What you have to do
Give the records again, every one, exactly.

Entries shown
lemma two_le_card_if_graph_edges_nonempty:
  assumes G: "simple_graph V E" and "graph_edges E \<noteq> {}"
  shows "2 \<le> card V"
proof -
  obtain u v where "u \<in> V" "v \<in> V" "u \<noteq> v"
    using assms(2) graph_edgesE[OF G] by blast
  then have "card {u, v} \<le> card V" using G by (intro card_mono) (auto simp: simple_graph_def)
  then show ?thesis using \<open>u \<noteq> v\<close> by simp
qed

definition monochromatic_maps :: "'a set \<Rightarrow> 'c set \<Rightarrow> 'a set \<Rightarrow> ('a \<Rightarrow> 'c) set" where
  "monochromatic_maps V M k = {f \<in> PiE V (\<lambda>_. M). \<forall>x\<in>k. \<forall>y\<in>k. f x = f y}"

lemma monochromatic_maps_doubleton:
  "monochromatic_maps V M {u, v} = {f \<in> PiE V (\<lambda>_. M). f u = f v}"
  by (auto simp: monochromatic_maps_def)

lemma chrom_poly_eq_card_Diff_monochromatic_maps:
  "chrom_poly V E m
     = card (PiE V (\<lambda>_. {0..<m}) - (\<Union>k\<in>graph_edges E. monochromatic_maps V {0..<m} k))"
proof -
  have "{f. f \<in> PiE V (\<lambda>_. {0..<m}) \<and> (\<forall>(u, v)\<in>E. f u \<noteq> f v)}
      = PiE V (\<lambda>_. {0..<m}) - (\<Union>k\<in>graph_edges E. monochromatic_maps V {0..<m} k)"
  proof (intro equalityI subsetI)
    fix f assume f: "f \<in> PiE V (\<lambda>_. {0..<m}) - (\<Union>k\<in>graph_edges E. monochromatic_maps V {0..<m} k)"
    have "f u \<noteq> f v" if "(u, v) \<in> E" for u v
      using f doubleton_in_graph_edges[OF that] by (auto simp: monochromatic_maps_doubleton)
    then show "f \<in> {f. f \<in> PiE V (\<lambda>_. {0..<m}) \<and> (\<forall>(u, v)\<in>E. f u \<noteq> f v)}" using f by auto
  qed (auto simp: monochromatic_maps_def graph_edges_def)
  then show ?thesis by (simp add: chrom_poly_def)
qed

Exercise solution
lemma two_le_card_if_graph_edges_nonempty:
  assumes G: "simple_graph V E" and "graph_edges E \<noteq> {}"
  shows "2 \<le> card V"
proof -
  obtain u v where "u \<in> V" "v \<in> V" "u \<noteq> v"
    using assms(2) graph_edgesE[OF G] by blast
  then have "card {u, v} \<le> card V" using G by (intro card_mono) (auto simp: simple_graph_def)
  then show ?thesis using \<open>u \<noteq> v\<close> by simp
qed

definition monochromatic_maps :: "'a set \<Rightarrow> 'c set \<Rightarrow> 'a set \<Rightarrow> ('a \<Rightarrow> 'c) set" where
  "monochromatic_maps V M k = {f \<in> PiE V (\<lambda>_. M). \<forall>x\<in>k. \<forall>y\<in>k. f x = f y}"

lemma monochromatic_maps_doubleton:
  "monochromatic_maps V M {u, v} = {f \<in> PiE V (\<lambda>_. M). f u = f v}"
  by (auto simp: monochromatic_maps_def)

lemma chrom_poly_eq_card_Diff_monochromatic_maps:
  "chrom_poly V E m
     = card (PiE V (\<lambda>_. {0..<m}) - (\<Union>k\<in>graph_edges E. monochromatic_maps V {0..<m} k))"
proof -
  have "{f. f \<in> PiE V (\<lambda>_. {0..<m}) \<and> (\<forall>(u, v)\<in>E. f u \<noteq> f v)}
      = PiE V (\<lambda>_. {0..<m}) - (\<Union>k\<in>graph_edges E. monochromatic_maps V {0..<m} k)"
  proof (intro equalityI subsetI)
    fix f assume f: "f \<in> PiE V (\<lambda>_. {0..<m}) - (\<Union>k\<in>graph_edges E. monochromatic_maps V {0..<m} k)"
    have "f u \<noteq> f v" if "(u, v) \<in> E" for u v
      using f doubleton_in_graph_edges[OF that] by (auto simp: monochromatic_maps_doubleton)
    then show "f \<in> {f. f \<in> PiE V (\<lambda>_. {0..<m}) \<and> (\<forall>(u, v)\<in>E. f u \<noteq> f v)}" using f by auto
  qed (auto simp: monochromatic_maps_def graph_edges_def)
  then show ?thesis by (simp add: chrom_poly_def)
qed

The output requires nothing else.